Floor debate included a series of verbal amendments and a motion by Representative Thurston to change wording on line 37 from "division director" to "commissioner," followed by substitute-wording efforts and a final first substitute that narrows coverage to county managers, mayors and certain paid executive advisers within the same jurisdiction. Questions from Representatives Thurston and Tuscher focused on where the draft might sweep too broadly (commissioners of volunteer commissions vs. full-time executive commissioners) and whether the bill's net was too wide. Representative Karen Peterson urged caution about wordsmithing on the floor and supported circling the bill for further work before returning it.

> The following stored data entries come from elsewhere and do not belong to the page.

lemma diag_state_two_factor: "(F,x,x) \<in> \<R> \<Longrightarrow> two_factor F"
proof -
  assume s: "(F,x,x) \<in> \<R>"
  note p = state_profile[OF s]
  show ?thesis unfolding two_factor_def
  proof (intro conjI ballI)
    show "F \<subseteq> E" by (rule p(1))
    fix y assume "y \<in> V" then show "deg F y = 2" using p(4)[of y] p(5) by (cases "y = x") auto
  qed
qed

text \<open>With a 2-factor F fixed, the diagonal defect can cross an edge {x,y} not in F: add it and
  delete it again from the other end.\<close>

lemma factor_step_off:
  assumes F: "two_factor F" and e: "{x,y} \<in> E" "{x,y} \<notin> F"
  shows "((F,x,x),(F,y,y)) \<in> moves\<^sup>*"
proof -
  have xV: "x \<in> V" using edge_in_V e(1) by simp
  note s0 = two_factor_state[OF F xV]
  have m1: "((F,x,x),(insert {x,y} F, y, x)) \<in> moves" using moves.add_u[OF _ _ e] s0 by blast
  note r1 = add_move_u[OF _ _ e, of x] s0
  have "{x,y} \<in> insert {x,y} F" by simp
  then have m2: "((insert {x,y} F, y, x), (insert {x,y} F - {{x,y}}, y, y)) \<in> moves"
    using moves.del_v[of "insert {x,y} F" y x y] r1 s0 by blast
  have "insert {x,y} F - {{x,y}} = F" using e(2) by auto
  then show ?thesis using m1 m2 by simp
qed

text \<open>With w' and z' the partners of w and z along their
  edges outside F, six moves lead from (F,w,w) back to (F,z,z): add {w,w'}, delete {w,z},
  add {z,z'}, delete {w',w}, add {w,z}, delete {z',z}.\<close>

lemma factor_step_along:
  assumes F: "two_factor F" and wz: "{w,z} \<in> F"
  shows "((F,w,w),(F,z,z)) \<in> moves\<^sup>*"
proof -
  have FE: "F \<subseteq> E" using F unfolding two_factor_def by simp
  have wzE: "{w,z} \<in> E" using wz FE by auto
  have wV: "w \<in> V" and zV: "z \<in> V" using edge_in_V wzE by auto
  have wnz: "w \<noteq> z" using edge_neq wzE .
  have dF: "\<And>x. x \<in> V \<Longrightarrow> deg F x = 2" using F unfolding two_factor_def by simp
  obtain w' where w': "{w,w'} \<in> E" "{w,w'} \<notin> F" "\<And>t. {w,t} \<in> E \<Longrightarrow> {w,t} \<notin> F \<Longrightarrow> t = w'"
    using other_edge[OF FE wV dF[OF wV]] by metis
  obtain z' where z': "{z,z'} \<in> E" "{z,z'} \<notin> F" "\<And>t. {z,t} \<in> E \<Longrightarrow> {z,t} \<notin> F \<Longrightarrow> t = z'"
    using other_edge[OF FE zV dF[OF zV]] by metis
  have w'V: "w' \<in> V" and z'V: "z' \<in> V" using edge_in_V w'(1) z'(1) by auto
  have ww': "w \<noteq> w'" using edge_neq w'(1) .
  have zz': "z \<noteq> z'" using edge_neq z'(1) .
  have w'z: "w' \<noteq> z" using w'(2) wz by auto
  have z'w: "z' \<noteq> w" using z'(2) wz by (auto simp: insert_commute)
  have w'z': "w' \<noteq> z'"
  proof
    assume eq: "w' = z'"
    obtain t where t: "{w',t} \<in> E" "{w',t} \<notin> F" "\<And>r. {w',r} \<in> E \<Longrightarrow> {w',r} \<notin> F \<Longrightarrow> r = t"
      using other_edge[OF FE w'V dF[OF w'V]] by metis
    have "w = t" using t(3)[of w] w'(1,2) by (simp add: insert_commute)
    moreover have "z = t" using t(3)[of z] z'(1,2) eq by (simp add: insert_commute)
    ultimately show False using wnz by simp
  qed
  define A1 where "A1 = insert {w,w'} F"
  define A2 where "A2 = A1 - {{w,z}}"
  define A3 where "A3 = insert {z,z'} A2"
  define A4 where "A4 = A3 - {{w',w}}"
  define A5 where "A5 = insert {w,z} A4"
  define A6 where "A6 = A5 - {{z',z}}"
  note s0 = two_factor_state[OF F wV]
  have m1: "((F,w,w),(A1,w',w)) \<in> moves" unfolding A1_def using moves.add_u[OF _ _ w'(1,2)] s0 by blast
  note r1 = add_move_u[OF _ _ w'(1,2), of w] s0
  have s1: "(A1,w',w) \<in> \<R>" "saturated A1 w' w" using r1 unfolding A1_def by auto
  have e2: "{w,z} \<in> A1" unfolding A1_def using wz by simp
  have m2: "((A1,w',w),(A2,w',z)) \<in> moves" unfolding A2_def using moves.del_v[OF s1 e2] .
  have s2: "(A2,w',z) \<in> \<R>" "\<not> saturated A2 w' z" using del_move_v[OF s1 e2] unfolding A2_def by auto
  have e3: "{z,z'} \<notin> A2" unfolding A2_def A1_def using z'(2) zz' w'z z'w wnz by (auto simp: doubleton_eq_iff)
  have m3: "((A2,w',z),(A3,w',z')) \<in> moves" unfolding A3_def using moves.add_v[OF s2 z'(1) e3] .
  have s3: "(A3,w',z') \<in> \<R>" "saturated A3 w' z'" using add_move_v[OF s2 z'(1) e3] unfolding A3_def by auto
  have e4: "{w',w} \<in> A3" unfolding A3_def A2_def A1_def using w'z by (auto simp: doubleton_eq_iff)
  have m4: "((A3,w',z'),(A4,w,z')) \<in> moves" unfolding A4_def using moves.del_u[OF s3 e4] .
  have s4: "(A4,w,z') \<in> \<R>" "\<not> saturated A4 w z'" using del_move_u[OF s3 e4] unfolding A4_def by auto
  have e5: "{w,z} \<notin> A4" unfolding A4_def A3_def A2_def using z'w by (auto simp: doubleton_eq_iff)
  have m5: "((A4,w,z'),(A5,z,z')) \<in> moves" unfolding A5_def using moves.add_u[OF s4 wzE e5] .
  have s5: "(A5,z,z') \<in> \<R>" "saturated A5 z z'" using add_move_u[OF s4 wzE e5] unfolding A5_def by auto
  have e6: "{z',z} \<in> A5" unfolding A5_def A4_def A3_def using ww' w'z w'z' z'w wnz zz' by (auto simp: doubleton_eq_iff)
  have m6: "((A5,z,z'),(A6,z,z)) \<in> moves" unfolding A6_def using moves.del_v[OF s5 e6] .
  have "A6 = F"
  proof (rule set_eqI)
    fix e
    show "e \<in> A6 \<longleftrightarrow> e \<in> F"
      unfolding A6_def A5_def A4_def A3_def A2_def A1_def
      using wz w'(2) z'(2) ww' w'z w'z' z'w wnz zz' by (auto simp: doubleton_eq_iff insert_commute)
  qed
  then show ?thesis using m1 m2 m3 m4 m5 m6 by (meson converse_rtrancl_into_rtrancl r_into_rtrancl)
qed

lemma factor_defect_anywhere:
  assumes F: "two_factor F" and conn: "connected_graph V E" and xV: "x \<in> V" and yV: "y \<in> V"
  shows "((F,x,x),(F,y,y)) \<in> moves\<^sup>*"
proof -
  have "(x,y) \<in> (adj_rel E)\<^sup>*" using conn xV yV unfolding connected_graph_def by auto
  then show ?thesis
  proof (induction rule: rtrancl_induct)
    case base then show ?case by simp
  next
    case (step y z)
    then have e: "{y,z} \<in> E" unfolding adj_rel_def by simp
    show ?case
    proof (cases "{y,z} \<in> F")
      case True then show ?thesis using step.IH factor_step_along[OF F True] by (meson rtrancl_trans)
    next
      case False then show ?thesis using step.IH factor_step_off[OF F e False] by (meson rtrancl_trans)
    qed
  qed
qed

lemma sym_diff_remove: "e \<in> A \<Longrightarrow> e \<notin> Fs \<Longrightarrow> sym_diff (A - {e}) Fs = sym_diff A Fs - {e} \<and> e \<in> sym_diff A Fs"
  unfolding sym_diff_def by auto

lemma sym_diff_insert: "e \<notin> A \<Longrightarrow> e \<in> Fs \<Longrightarrow> sym_diff (insert e A) Fs = sym_diff A Fs - {e} \<and> e \<in> sym_diff A Fs"
  unfolding sym_diff_def by auto

lemma sym_diff_finite: "A \<subseteq> E \<Longrightarrow> Fs \<subseteq> E \<Longrightarrow> finite (sym_diff A Fs)"
  unfolding sym_diff_def using finA by auto

text \<open>Two different 2-factors are incomparable, so a diagonal state (A,u,u) with A \<noteq> Fs misses
  some edge of Fs.\<close>

lemma two_factor_diff:
  assumes "two_factor F" "two_factor G" "F \<noteq> G"
  shows "\<exists>e\<in>G. e \<notin> F"
proof (rule ccontr)
  assume "\<not> ?thesis"
  then have GF: "G \<subseteq> F" by auto
  have "F \<subseteq> G"
  proof
    fix e assume e: "e \<in> F"
    have eE: "e \<in> E" using e assms(1) unfolding two_factor_def by auto
    then obtain x y where xy: "x \<in> V" "e = {x,y}" using edgeE by blast
    have s: "incident G x \<subseteq> incident F x" by (rule incident_mono[OF GF])
    have c: "card (incident G x) = card (incident F x)" using assms(1,2) xy unfolding two_factor_def deg_def by simp
    have FE: "F \<subseteq> E" using assms(1) unfolding two_factor_def by simp
    have "incident G x = incident F x" using card_subset_eq[OF finite_incident[OF finA[OF FE]] s c] .
    moreover have "e \<in> incident F x" using e xy unfolding incident_def by simp
    ultimately show "e \<in> G" unfolding incident_def by blast
  qed
  then show False using GF assms(3) by simp
qed

text \<open>Descent towards a fixed 2-factor Fs, measured by the size of the symmetric difference.
  From a diagonal state (A,u,u) with A \<noteq> Fs, move the defect to an endpoint c of an edge
  {c,c'} \<in> Fs - A and add that edge.\<close>

lemma diag_descent:
  assumes Fs: "two_factor Fs" and conn: "connected_graph V E"
    and s: "(A,u,u) \<in> \<R>" and ne: "A \<noteq> Fs"
  shows "\<exists>A' u' v'. (A',u',v') \<in> \<R> \<and> saturated A' u' v' \<and> ((A,u,u),(A',u',v')) \<in> moves\<^sup>* \<and>
    card (sym_diff A' Fs) < card (sym_diff A Fs)"
proof -
  note p = state_profile[OF s]
  have FsE: "Fs \<subseteq> E" using Fs unfolding two_factor_def by simp
  have A2: "two_factor A" using diag_state_two_factor[OF s] .
  obtain e where e: "e \<in> Fs" "e \<notin> A" using two_factor_diff[OF A2 Fs ne] by blast
  then obtain c c' where cc: "c \<in> V" "e = {c,c'}" using edgeE FsE by blast
  have walk: "((A,u,u),(A,c,c)) \<in> moves\<^sup>*" using factor_defect_anywhere[OF A2 conn p(2) cc(1)] .
  note sc = two_factor_state[OF A2 cc(1)]
  have eE': "{c,c'} \<in> E" "{c,c'} \<notin> A" using e cc FsE by auto
  have "((A,c,c),(insert {c,c'} A, c', c)) \<in> moves" using moves.add_u[OF _ _ eE'] sc by blast
  moreover note add_move_u[OF _ _ eE', of c] sc
  moreover have "card (sym_diff (insert e A) Fs) < card (sym_diff A Fs)"
    using sym_diff_insert[OF e(2) e(1)] card_Diff1_less[OF sym_diff_finite[OF p(1) FsE], of e] by simp
  ultimately show ?thesis using walk cc(2) by (meson rtrancl_into_rtrancl)
qed

text \<open>From a saturated state, delete the edge {u,y} at u that is not in Fs.  If y = v we reach a
  diagonal state; otherwise y now has degree 1 and its missing edge {y,m} lies in Fs, so adding
  it gives a saturated state.\<close>

lemma saturated_descent:
  assumes Fs: "two_factor Fs" and s: "(A,u,v) \<in> \<R>" and f: "saturated A u v"
  shows "\<exists>A' u' v'. (A',u',v') \<in> \<R> \<and> (u' = v' \<or> saturated A' u' v') \<and> ((A,u,v),(A',u',v')) \<in> moves\<^sup>* \<and>
    card (sym_diff A' Fs) < card (sym_diff A Fs)"
proof -
  note p = state_profile[OF s]
  have FsE: "Fs \<subseteq> E" using Fs unfolding two_factor_def by simp
  have fin: "finite (sym_diff A Fs)" using sym_diff_finite[OF p(1) FsE] .
  obtain y where y: "{u,y} \<in> E" "{u,y} \<notin> Fs" "\<And>t. {u,t} \<in> E \<Longrightarrow> {u,t} \<notin> Fs \<Longrightarrow> t = y"
    using other_edge[OF FsE p(2)] Fs p(2) unfolding two_factor_def by metis
  have uyA: "{u,y} \<in> A" using deg3_has_edge[OF p(1) p(2) _ y(1)] f unfolding saturated_def by simp
  let ?A1 = "A - {{u,y}}"
  have m1: "((A,u,v),(?A1, y, v)) \<in> moves" using moves.del_u[OF s f uyA] .
  note r1 = del_move_u[OF s f uyA]
  have sd1: "card (sym_diff ?A1 Fs) < card (sym_diff A Fs)"
    using sym_diff_remove[OF uyA y(2)] card_Diff1_less[OF fin, of "{u,y}"] by simp
  show ?thesis
  proof (cases "y = v")
    case True
    then show ?thesis using r1(1) m1 sd1 by blast
  next
    case False
    have yV: "y \<in> V" using edge_in_V y(1) by simp
    have "deg A y = 2" using p(4)[OF yV] edge_neq[OF y(1)] False by simp
    then obtain m where m: "{y,m} \<in> E" "{y,m} \<notin> A" using other_edge[OF p(1) yV] by metis
    have m2ne: "{y,m} \<notin> ?A1" using m(2) by simp
    have m2: "((?A1, y, v),(insert {y,m} ?A1, m, v)) \<in> moves" using moves.add_u[OF r1(1) r1(2) m(1) m2ne] .
    note r2 = add_move_u[OF r1(1) r1(2) m(1) m2ne]
    have ymFs: "{y,m} \<in> Fs"
    proof (rule ccontr)
      assume "{y,m} \<notin> Fs"
      obtain t where t: "\<And>r. {y,r} \<in> E \<Longrightarrow> {y,r} \<notin> Fs \<Longrightarrow> r = t"
        using other_edge[OF FsE yV] Fs yV unfolding two_factor_def by metis
      have "m = t" using t m(1) \<open>{y,m} \<notin> Fs\<close> by simp
      moreover have "u = t" using t[of u] y(1,2) by (simp add: insert_commute)
      ultimately show False using m(2) uyA by (simp add: insert_commute)
    qed
    have "finite (sym_diff ?A1 Fs)" using sym_diff_finite[OF _ FsE, of ?A1] p(1) by auto
    then have "card (sym_diff (insert {y,m} ?A1) Fs) < card (sym_diff ?A1 Fs)"
      using sym_diff_insert[OF m2ne ymFs] card_Diff1_less[of "sym_diff ?A1 Fs" "{y,m}"] by simp
    then show ?thesis using r2 m1 m2 sd1 by (meson order.strict_trans converse_rtrancl_into_rtrancl r_into_rtrancl)
  qed
qed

The House adopted the first substitute on a recorded voice and later a final floor vote: "HB first substitute HB 604 passes this body with 43 yes votes, 23 no votes," the clerk announced. The bill will be transmitted to the Senate for consideration.
Why it matters: supporters framed the substitute as clarifying conflicts of interest and preserving separation of powers; opponents cautioned that the language needed tightening to avoid unintended reach into lower-level executive positions or unpaid commissioners. The sponsor said he would continue to refine the language in follow-up.